Only one stretch of the data is wanted: the line containing "(\<Sum>i=1..n-1. \<Sum>j=i+1..n. A", the line containing "and all entries", and every line between them, copied exactly.

═════ RECORDS

theorem theorem2:
  fixes a c1 c2 tau :: real
    and i1 :: "'n::finite"
    and f :: "real^'n \<Rightarrow> real"
    and x d :: "nat \<Rightarrow> real^'n"
    and t :: "nat \<Rightarrow> real"
    and x0 :: "real^'n"
  assumes n2: "CARD('n) \<ge> 2"
    and a_ge: "a \<ge> sqrt (real CARD('n) - 1)"
    and f_def: "f = (\<lambda>y. a * \<bar>y $ i1\<bar> + (\<Sum>i\<in>UNIV - {i1}. y $ i))"
    and c: "0 < c1" "c1 < c2" "c2 < 1"
    and tau_def: "tau = c1 + (real CARD('n) - 1) * (c1 - 1) / a\<^sup>2"
    and x0_nz: "x0 $ i1 \<noteq> 0"
    and x_0: "x 0 = x0"
    and d_def: "\<And>k. d k = - grad f (x k)"
    and t_def: "\<And>k. t k = 2 * \<bar>x k $ i1\<bar> / ((tau + 1) * a)"
    and x_Suc: "\<And>k. x (Suc k) = x k + t k *\<^sub>R d k"
  shows "(\<forall>k. armijo f c1 (x k) (d k) (t k) \<and> wolfe f c2 (x k) (d k) (t k))
         \<and> (tau \<le> 0 \<longrightarrow> \<not> bdd_below (range (\<lambda>k. f (x k))))"
proof -
  define N where "N = real CARD('n) - 1"
  have N: "1 \<le> N"
    using n2 by (simp add: N_def)
  then have "1 \<le> sqrt N"
    by simp
  then have a: "0 < a" "N \<le> a\<^sup>2"
    using a_ge sqrt_le_D[of N a] unfolding N_def by linarith+
  have tau: "-1 < tau" "tau < 1"
    using kinked_tau_bounds[OF c(1) _ N a(2)] c unfolding tau_def N_def by auto
  have f: "f = kinked a i1"
    unfolding f_def kinked_def by blast
  have iterate: "x (Suc k) = x k + t k *\<^sub>R - grad (kinked a i1) (x k)" for k
    using x_Suc d_def f by simp
  have "x 0 $ i1 \<noteq> 0"
    using x_0 x0_nz by simp
  have nz: "x k $ i1 \<noteq> 0" for k
    using kinked_iterate_coord[OF a(1) tau \<open>x 0 $ i1 \<noteq> 0\<close> iterate t_def, of k]
      \<open>x 0 $ i1 \<noteq> 0\<close> tau by simp
  have "armijo f c1 (x k) (d k) (t k) \<and> wolfe f c2 (x k) (d k) (t k)" for k
    using kinked_step_armijo_eq[OF a(1) tau tau_def nz t_def]
      kinked_step_wolfe[OF a(1) _ tau _ nz t_def] a(2) c
    unfolding armijo_def f d_def N_def by auto
  moreover have "\<not> bdd_below (range (\<lambda>k. f (x k)))" if "tau \<le> 0"
    using kinked_iterate_not_bdd_below[OF a(1) tau(1) that tau_def c(1)
        \<open>x 0 $ i1 \<noteq> 0\<close> iterate t_def] f by simp
  ultimately show ?thesis
    by blast
qed

end
lemma poly_gegenbauer_op:
  "poly (gegenbauer_op a b q) x
     = (1 - x\<^sup>2) * poly (pderiv (pderiv q)) x - a * x * poly (pderiv q) x + b * poly q x"
  by (simp add: gegenbauer_op_def algebra_simps power2_eq_square)

lemma coeff_gegenbauer_op:
  "coeff (gegenbauer_op a b q) k
     = (real k + 1) * (real k + 2) * coeff q (k + 2)
       + (b - real k * (real k - 1) - a * real k) * coeff q k"
proof (cases k)
  case 0
  then show ?thesis by (simp add: gegenbauer_op_def coeff_pderiv)
next
  case (Suc i)
  then show ?thesis
    by (cases i) (simp_all add: gegenbauer_op_def coeff_pderiv algebra_simps)
qed

lemma gegenbauer_op_diff: "gegenbauer_op a b (p - q) = gegenbauer_op a b p - gegenbauer_op a b q"
  by (rule poly_ext) (simp add: poly_gegenbauer_op pderiv_diff algebra_simps)

lemma gegenbauer_op_smult: "gegenbauer_op a b (smult c p) = smult c (gegenbauer_op a b p)"
  by (rule poly_ext) (simp add: poly_gegenbauer_op pderiv_smult algebra_simps)

lemma pderiv_gegenbauer_op: "pderiv (gegenbauer_op a b q) = gegenbauer_op (a + 2) (b - a) (pderiv q)"
  by (rule poly_ext)
     (auto simp: gegenbauer_op_def pderiv_add pderiv_diff pderiv_mult pderiv_smult pderiv_minus
        pderiv_pCons algebra_simps)

lemma higher_pderiv_gegenbauer_op:
  "(pderiv ^^ j) (gegenbauer_op a b q)
     = gegenbauer_op (a + 2 * real j) (b - real j * a - real j * (real j - 1)) ((pderiv ^^ j) q)"
proof (induction j)
  case (Suc j)
  then show ?case by (simp add: pderiv_gegenbauer_op algebra_simps)
qed simp
(* Let $n\ge 3$, let $A=[a_{ij}]$ be a real $n\times n$ matrix with zero diagonal and let $f(\sigma)=\sum_{i=1}^{n-1}\sum_{j=i+1}^n a_{\sigma(i)\sigma(j)}$ be the LOP objective function on $\Sigma_n$. Then $\hat f_{(n-1,1)}=0$ if and only if $\sum_{j=1}^n(a_{ij}-a_{ji})=0$ for all $i=1,\dots,n$.
   Context: $\Sigma_n$ is the symmetric group on $\{1,\dots,n\}$; $\sigma(k)$ is the row/column index placed in position $k$. For a partition $\lambda$ of $n$, $\rho_\lambda$ is the irreducible representation of $\Sigma_n$ indexed by $\lambda$ and $\hat f_\lambda=\sum_{\sigma\in\Sigma_n}f(\sigma)\rho_\lambda(\sigma)$. *)

theory Defs
  imports Complex_Main "HOL-Combinatorics.Permutations"
begin

definition Sym :: "nat \<Rightarrow> (nat \<Rightarrow> nat) set" where
  "Sym n = {\<sigma>. \<sigma> permutes {1..n}}"

definition lop_obj :: "nat \<Rightarrow> (nat \<Rightarrow> nat \<Rightarrow> real) \<Rightarrow> (nat \<Rightarrow> nat) \<Rightarrow> real" where
  "lop_obj n A \<sigma> = (\<Sum>i=1..n-1. \<Sum>j=i+1..n. A (\<sigma> i) (\<sigma> j))"

text \<open>A concrete realization of the irreducible representation indexed by the partition (n-1,1)
  (the standard representation): the permutation action e_j \<mapsto> e_{sigma j} restricted to the
  sum-zero subspace of R^n, written in the basis b_i = e_i - e_n (i = 1..n-1).
  Entry (i,j), for i,j in {1..n-1}, of the (n-1)x(n-1) matrix rho(sigma).\<close>

definition std_rep :: "nat \<Rightarrow> (nat \<Rightarrow> nat) \<Rightarrow> nat \<Rightarrow> nat \<Rightarrow> real" where
  "std_rep n \<sigma> i j = (if \<sigma> j = i then 1 else 0) - (if \<sigma> n = i then 1 else 0)"

definition fourier_std :: "nat \<Rightarrow> ((nat \<Rightarrow> nat) \<Rightarrow> real) \<Rightarrow> nat \<Rightarrow> nat \<Rightarrow> real" where
  "fourier_std n f i j = (\<Sum>\<sigma>\<in>Sym n. f \<sigma> * std_rep n \<sigma> i j)"

end

theory Submission
  imports Defs
begin

text \<open>
  In the basis of the standard representation, the entry (i, j) of the Fourier coefficient is
  P(j, i) - P(n, i), where P(k, i) is the sum of f over the permutations placing i at position k.
  Composing with the adjacent transposition (k k+1) changes the LOP objective only in the pair at
  positions k, k+1, so P(k+1, i) = P(k, i) - (n-2)! d(i) for the net flow
  d(i) = sum_b (a_ib - a_bi), independent of k. Hence the entry (i, j) equals (n - j) (n-2)! d(i),
  and all entries vanish iff d(i) = 0 for all i < n; then also d(n) = 0, because the net flows
  sum to zero.
\<close>

lemma permutes_exists_two_values:
  assumes "k \<in> T" "l \<in> T" "a \<in> T" "b \<in> T" "k \<noteq> l" "a \<noteq> b"
  obtains \<pi> where "\<pi> permutes T" "\<pi> k = a" "\<pi> l = b"
proof
  let ?\<tau> = "transpose a k"
  have "?\<tau> l \<in> T"
    using assms by (auto simp: transpose_def)
  then show "transpose b (?\<tau> l) \<circ> ?\<tau> permutes T"
    using assms by (intro permutes_compose permutes_swap_id)
  show "(transpose b (?\<tau> l) \<circ> ?\<tau>) k = a" "(transpose b (?\<tau> l) \<circ> ?\<tau>) l = b"
    using assms by (auto simp: transpose_def)
qed

lemma card_permutes_two_values:
  assumes "finite T" "k \<in> T" "l \<in> T" "a \<in> T" "b \<in> T" "k \<noteq> l" "a \<noteq> b"
  shows "card {\<sigma>. \<sigma> permutes T \<and> \<sigma> k = a \<and> \<sigma> l = b} = fact (card T - 2)"
proof -
  obtain \<pi> where \<pi>: "\<pi> permutes T" "\<pi> k = a" "\<pi> l = b"
    using permutes_exists_two_values assms(2-) by metis
  have "bij_betw ((\<circ>) \<pi>) {\<tau>. \<tau> permutes T - {k, l}} {\<sigma>. \<sigma> permutes T \<and> \<sigma> k = a \<and> \<sigma> l = b}"
  proof (rule bij_betw_byWitness[where f' = "(\<circ>) (inv \<pi>)"])
    show "\<forall>\<tau>\<in>{\<tau>. \<tau> permutes T - {k, l}}. inv \<pi> \<circ> (\<pi> \<circ> \<tau>) = \<tau>"
      "\<forall>\<sigma>\<in>{\<sigma>. \<sigma> permutes T \<and> \<sigma> k = a \<and> \<sigma> l = b}. \<pi> \<circ> (inv \<pi> \<circ> \<sigma>) = \<sigma>"
      using permutes_inv_o[OF \<pi>(1)] by (simp_all add: o_assoc)
    show "(\<circ>) \<pi> ` {\<tau>. \<tau> permutes T - {k, l}} \<subseteq> {\<sigma>. \<sigma> permutes T \<and> \<sigma> k = a \<and> \<sigma> l = b}"
      using \<pi> by (auto intro: permutes_compose permutes_subset dest: permutes_not_in)
    show "(\<circ>) (inv \<pi>) ` {\<sigma>. \<sigma> permutes T \<and> \<sigma> k = a \<and> \<sigma> l = b} \<subseteq> {\<tau>. \<tau> permutes T - {k, l}}"
    proof
      fix \<tau> assume "\<tau> \<in> (\<circ>) (inv \<pi>) ` {\<sigma>. \<sigma> permutes T \<and> \<sigma> k = a \<and> \<sigma> l = b}"
      then obtain \<sigma> where \<sigma>: "\<sigma> permutes T" "\<sigma> k = \<pi> k" "\<sigma> l = \<pi> l" and \<tau>: "\<tau> = inv \<pi> \<circ> \<sigma>"
        using \<pi> by auto
      have "\<tau> permutes T"
        using \<sigma>(1) \<pi>(1) by (simp add: \<tau> permutes_compose permutes_inv)
      moreover have "\<tau> k = k" "\<tau> l = l"
        by (simp_all add: \<tau> \<sigma> permutes_inverses(2)[OF \<pi>(1)])
      ultimately show "\<tau> \<in> {\<tau>. \<tau> permutes T - {k, l}}"
        by (auto intro: permutes_superset)
    qed
  qed
  then have "card {\<sigma>. \<sigma> permutes T \<and> \<sigma> k = a \<and> \<sigma> l = b} = card {\<tau>. \<tau> permutes T - {k, l}}"
    by (simp add: bij_betw_same_card)
  also have "\<dots> = fact (card T - 2)"
    using assms by (simp add: card_permutations card_Diff_subset numeral_2_eq_2)
  finally show ?thesis .
qed

lemma sum_permutes_value_at:
  fixes g :: "'a \<Rightarrow> 'b::semiring_char_0"
  assumes "finite T" "k \<in> T" "l \<in> T" "k \<noteq> l" "i \<in> T"
  shows "(\<Sum>\<sigma> | \<sigma> permutes T \<and> \<sigma> k = i. g (\<sigma> l)) = fact (card T - 2) * (\<Sum>b\<in>T - {i}. g b)"
proof -
  let ?S = "{\<sigma>. \<sigma> permutes T \<and> \<sigma> k = i}"
  have "finite ?S"
    using finite_permutations[OF assms(1)] by (rule rev_finite_subset) auto
  moreover have "(\<lambda>\<sigma>. \<sigma> l) ` ?S \<subseteq> T - {i}"
    using assms by (auto simp: permutes_in_image dest: permutes_inj[THEN injD])
  ultimately have "(\<Sum>\<sigma>\<in>?S. g (\<sigma> l)) = (\<Sum>b\<in>T - {i}. \<Sum>\<sigma> | \<sigma> \<in> ?S \<and> \<sigma> l = b. g (\<sigma> l))"
    using assms(1) by (intro sum.group[symmetric]) simp_all
  also have "\<dots> = (\<Sum>b\<in>T - {i}. fact (card T - 2) * g b)"
  proof (rule sum.cong)
    fix b assume "b \<in> T - {i}"
    then have "card {\<sigma> \<in> ?S. \<sigma> l = b} = fact (card T - 2)"
      using card_permutes_two_values[of T k l i b] assms by (auto simp: conj_assoc)
    then show "(\<Sum>\<sigma> | \<sigma> \<in> ?S \<and> \<sigma> l = b. g (\<sigma> l)) = fact (card T - 2) * g b"
      by (simp add: of_nat_fact)
  qed simp
  finally show ?thesis
    by (simp add: sum_distrib_left)
qed

lemma sum_permutes_value_compose_transpose:
  assumes "k \<in> S" "l \<in> S"
  shows "(\<Sum>\<sigma> | \<sigma> permutes S \<and> \<sigma> l = i. f \<sigma>) = (\<Sum>\<sigma> | \<sigma> permutes S \<and> \<sigma> k = i. f (\<sigma> \<circ> transpose k l))"
  by (rule sum.reindex_bij_witness[of _ "\<lambda>\<sigma>. \<sigma> \<circ> transpose k l" "\<lambda>\<sigma>. \<sigma> \<circ> transpose k l"])
    (use assms in \<open>auto simp: o_assoc[symmetric] intro: permutes_compose permutes_swap_id\<close>)

definition increasing_pairs :: "nat \<Rightarrow> (nat \<times> nat) set" where
  "increasing_pairs n = {(p, q). 1 \<le> p \<and> p < q \<and> q \<le> n}"

lemma finite_increasing_pairs: "finite (increasing_pairs n)"
  by (rule finite_subset[of _ "{1..n} \<times> {1..n}"]) (auto simp: increasing_pairs_def)

lemma lop_obj_eq_sum_increasing_pairs:
  "lop_obj n A \<sigma> = (\<Sum>(p, q)\<in>increasing_pairs n. A (\<sigma> p) (\<sigma> q))"
proof -
  have "increasing_pairs n = Sigma {1..n-1} (\<lambda>p. {p+1..n})"
    by (auto simp: increasing_pairs_def)
  then show ?thesis
    by (simp add: lop_obj_def sum.Sigma)
qed

lemma adjacent_transpose_increasing_pairs:
  assumes "1 \<le> k" "k < n" "x \<in> increasing_pairs n - {(k, Suc k)}"
  shows "map_prod (transpose k (Suc k)) (transpose k (Suc k)) x \<in> increasing_pairs n - {(k, Suc k)}"
  using assms by (cases x) (clarsimp simp: increasing_pairs_def transpose_def)

lemma sum_increasing_pairs_adjacent_transpose:
  fixes g :: "nat \<Rightarrow> nat \<Rightarrow> 'a::ab_group_add"
  assumes "1 \<le> k" "k < n"
  shows "(\<Sum>(p, q)\<in>increasing_pairs n. g (transpose k (Suc k) p) (transpose k (Suc k) q))
       = (\<Sum>(p, q)\<in>increasing_pairs n. g p q) - g k (Suc k) + g (Suc k) k"
proof -
  let ?t = "transpose k (Suc k)"
  let ?P = "increasing_pairs n - {(k, Suc k)}"
  have kk: "(k, Suc k) \<in> increasing_pairs n"
    using assms by (simp add: increasing_pairs_def)
  have "(\<Sum>(p, q)\<in>?P. g (?t p) (?t q)) = (\<Sum>(p, q)\<in>?P. g p q)"
    by (rule sum.reindex_bij_witness[of _ "map_prod ?t ?t" "map_prod ?t ?t"])
      (use adjacent_transpose_increasing_pairs[OF assms] in auto)
  then show ?thesis
    using sum.remove[OF finite_increasing_pairs kk, of "case_prod g"]
      sum.remove[OF finite_increasing_pairs kk, of "\<lambda>(p, q). g (?t p) (?t q)"]
    by (simp add: algebra_simps)
qed

lemma lop_obj_compose_adjacent_transpose:
  assumes "1 \<le> k" "k < n"
  shows "lop_obj n A (\<sigma> \<circ> transpose k (Suc k))
       = lop_obj n A \<sigma> - A (\<sigma> k) (\<sigma> (Suc k)) + A (\<sigma> (Suc k)) (\<sigma> k)"
  using sum_increasing_pairs_adjacent_transpose[OF assms, of "\<lambda>p q. A (\<sigma> p) (\<sigma> q)"]
  by (simp add: lop_obj_eq_sum_increasing_pairs)

definition position_sum :: "nat \<Rightarrow> ((nat \<Rightarrow> nat) \<Rightarrow> real) \<Rightarrow> nat \<Rightarrow> nat \<Rightarrow> real" where
  "position_sum n f k i = (\<Sum>\<sigma> | \<sigma> permutes {1..n} \<and> \<sigma> k = i. f \<sigma>)"

lemma finite_Sym: "finite (Sym n)"
  by (simp add: Sym_def finite_permutations)

lemma fourier_std_eq_position_sum_diff:
  "fourier_std n f i j = position_sum n f j i - position_sum n f n i"
proof -
  have "position_sum n f k i = (\<Sum>\<sigma>\<in>Sym n. f \<sigma> * (if \<sigma> k = i then 1 else 0))" for k
    using sum.inter_filter[OF finite_Sym, where g = f and P = "\<lambda>\<sigma>. \<sigma> k = i"]
    by (auto simp: position_sum_def Sym_def intro!: sum.cong)
  then show ?thesis
    by (simp add: fourier_std_def std_rep_def right_diff_distrib sum_subtractf)
qed

lemma position_sum_lop_obj_Suc:
  assumes "1 \<le> k" "k < n" "i \<in> {1..n}"
  shows "position_sum n (lop_obj n A) (Suc k) i
       = position_sum n (lop_obj n A) k i - fact (n - 2) * (\<Sum>b=1..n. A i b - A b i)"
proof -
  let ?S = "{\<sigma>. \<sigma> permutes {1..n} \<and> \<sigma> k = i}"
  have "position_sum n (lop_obj n A) (Suc k) i = (\<Sum>\<sigma>\<in>?S. lop_obj n A (\<sigma> \<circ> transpose k (Suc k)))"
    unfolding position_sum_def using assms by (intro sum_permutes_value_compose_transpose) auto
  also have "\<dots> = (\<Sum>\<sigma>\<in>?S. lop_obj n A \<sigma> - (A i (\<sigma> (Suc k)) - A (\<sigma> (Suc k)) i))"
    using lop_obj_compose_adjacent_transpose[OF assms(1,2)] by (intro sum.cong) auto
  also have "\<dots> = position_sum n (lop_obj n A) k i - (\<Sum>\<sigma>\<in>?S. A i (\<sigma> (Suc k)) - A (\<sigma> (Suc k)) i)"
    by (simp add: position_sum_def sum_subtractf)
  also have "(\<Sum>\<sigma>\<in>?S. A i (\<sigma> (Suc k)) - A (\<sigma> (Suc k)) i) = fact (n - 2) * (\<Sum>b\<in>{1..n} - {i}. A i b - A b i)"
    using sum_permutes_value_at[of "{1..n}" k "Suc k" i "\<lambda>b. A i b - A b i"] assms by simp
  also have "(\<Sum>b\<in>{1..n} - {i}. A i b - A b i) = (\<Sum>b=1..n. A i b - A b i)"
    using assms(3) by (simp add: sum_diff1)
  finally show ?thesis .
qed

lemma position_sum_lop_obj_linear:
  assumes "1 \<le> j" "j \<le> m" "m \<le> n" "i \<in> {1..n}"
  shows "position_sum n (lop_obj n A) m i
       = position_sum n (lop_obj n A) j i - real (m - j) * fact (n - 2) * (\<Sum>b=1..n. A i b - A b i)"
  using assms(2,3)
proof (induction m rule: dec_induct)
  case (step m)
  then show ?case
    using position_sum_lop_obj_Suc[of m n i A] assms(1,4) by (simp add: Suc_diff_le algebra_simps)
qed simp

lemma fourier_std_lop_obj:
  assumes "1 \<le> j" "j \<le> n" "i \<in> {1..n}"
  shows "fourier_std n (lop_obj n A) i j = real (n - j) * fact (n - 2) * (\<Sum>b=1..n. A i b - A b i)"
  using position_sum_lop_obj_linear[of j n n i A] assms
  by (simp add: fourier_std_eq_position_sum_diff)

lemma sum_net_flows_eq_0:
  fixes A :: "'a \<Rightarrow> 'a \<Rightarrow> 'b::ab_group_add"
  shows "(\<Sum>i\<in>T. \<Sum>j\<in>T. A i j - A j i) = 0"
  by (simp add: sum_subtractf sum.swap[of "\<lambda>i j. A j i"])

theorem proposition3:
  fixes n :: nat and A :: "nat \<Rightarrow> nat \<Rightarrow> real"
  assumes "n \<ge> 3"
    and "\<forall>i\<in>{1..n}. A i i = 0"
  shows "(\<forall>i\<in>{1..n-1}. \<forall>j\<in>{1..n-1}. fourier_std n (lop_obj n A) i j = 0) \<longleftrightarrow>
         (\<forall>i\<in>{1..n}. (\<Sum>j=1..n. A i j - A j i) = 0)"
proof
  assume vanish: "\<forall>i\<in>{1..n-1}. \<forall>j\<in>{1..n-1}. fourier_std n (lop_obj n A) i j = 0"
  have below: "(\<Sum>j=1..n. A i j - A j i) = 0" if "i \<in> {1..n} - {n}" for i
    using vanish fourier_std_lop_obj[of 1 n i A] that assms(1) by auto
  have "(\<Sum>i\<in>{1..n}. \<Sum>j=1..n. A i j - A j i)
      = (\<Sum>j=1..n. A n j - A j n) + (\<Sum>i\<in>{1..n} - {n}. \<Sum>j=1..n. A i j - A j i)"
    using assms(1) by (intro sum.remove) auto
  then have "(\<Sum>j=1..n. A n j - A j n) = 0"
    using sum_net_flows_eq_0[of A "{1..n}"] below by simp
  with below show "\<forall>i\<in>{1..n}. (\<Sum>j=1..n. A i j - A j i) = 0"
    by blast
next
  assume "\<forall>i\<in>{1..n}. (\<Sum>j=1..n. A i j - A j i) = 0"
  then show "\<forall>i\<in>{1..n-1}. \<forall>j\<in>{1..n-1}. fourier_std n (lop_obj n A) i j = 0"
    using fourier_std_lop_obj by auto
qed

end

══════════

[SOLUTION TO THIS TASK]:
  "lop_obj n A \<sigma> = (\<Sum>i=1..n-1. \<Sum>j=i+1..n. A (\<sigma> i) (\<sigma> j))"

text \<open>A concrete realization of the irreducible representation indexed by the partition (n-1,1)
  (the standard representation): the permutation action e_j \<mapsto> e_{sigma j} restricted to the
  sum-zero subspace of R^n, written in the basis b_i = e_i - e_n (i = 1..n-1).
  Entry (i,j), for i,j in {1..n-1}, of the (n-1)x(n-1) matrix rho(sigma).\<close>

definition std_rep :: "nat \<Rightarrow> (nat \<Rightarrow> nat) \<Rightarrow> nat \<Rightarrow> nat \<Rightarrow> real" where
  "std_rep n \<sigma> i j = (if \<sigma> j = i then 1 else 0) - (if \<sigma> n = i then 1 else 0)"

definition fourier_std :: "nat \<Rightarrow> ((nat \<Rightarrow> nat) \<Rightarrow> real) \<Rightarrow> nat \<Rightarrow> nat \<Rightarrow> real" where
  "fourier_std n f i j = (\<Sum>\<sigma>\<in>Sym n. f \<sigma> * std_rep n \<sigma> i j)"

end

theory Submission
  imports Defs
begin

text \<open>
  In the basis of the standard representation, the entry (i, j) of the Fourier coefficient is
  P(j, i) - P(n, i), where P(k, i) is the sum of f over the permutations placing i at position k.
  Composing with the adjacent transposition (k k+1) changes the LOP objective only in the pair at
  positions k, k+1, so P(k+1, i) = P(k, i) - (n-2)! d(i) for the net flow
  d(i) = sum_b (a_ib - a_bi), independent of k. Hence the entry (i, j) equals (n - j) (n-2)! d(i),
  and all entries vanish iff d(i) = 0 for all i < n; then also d(n) = 0, because the net flows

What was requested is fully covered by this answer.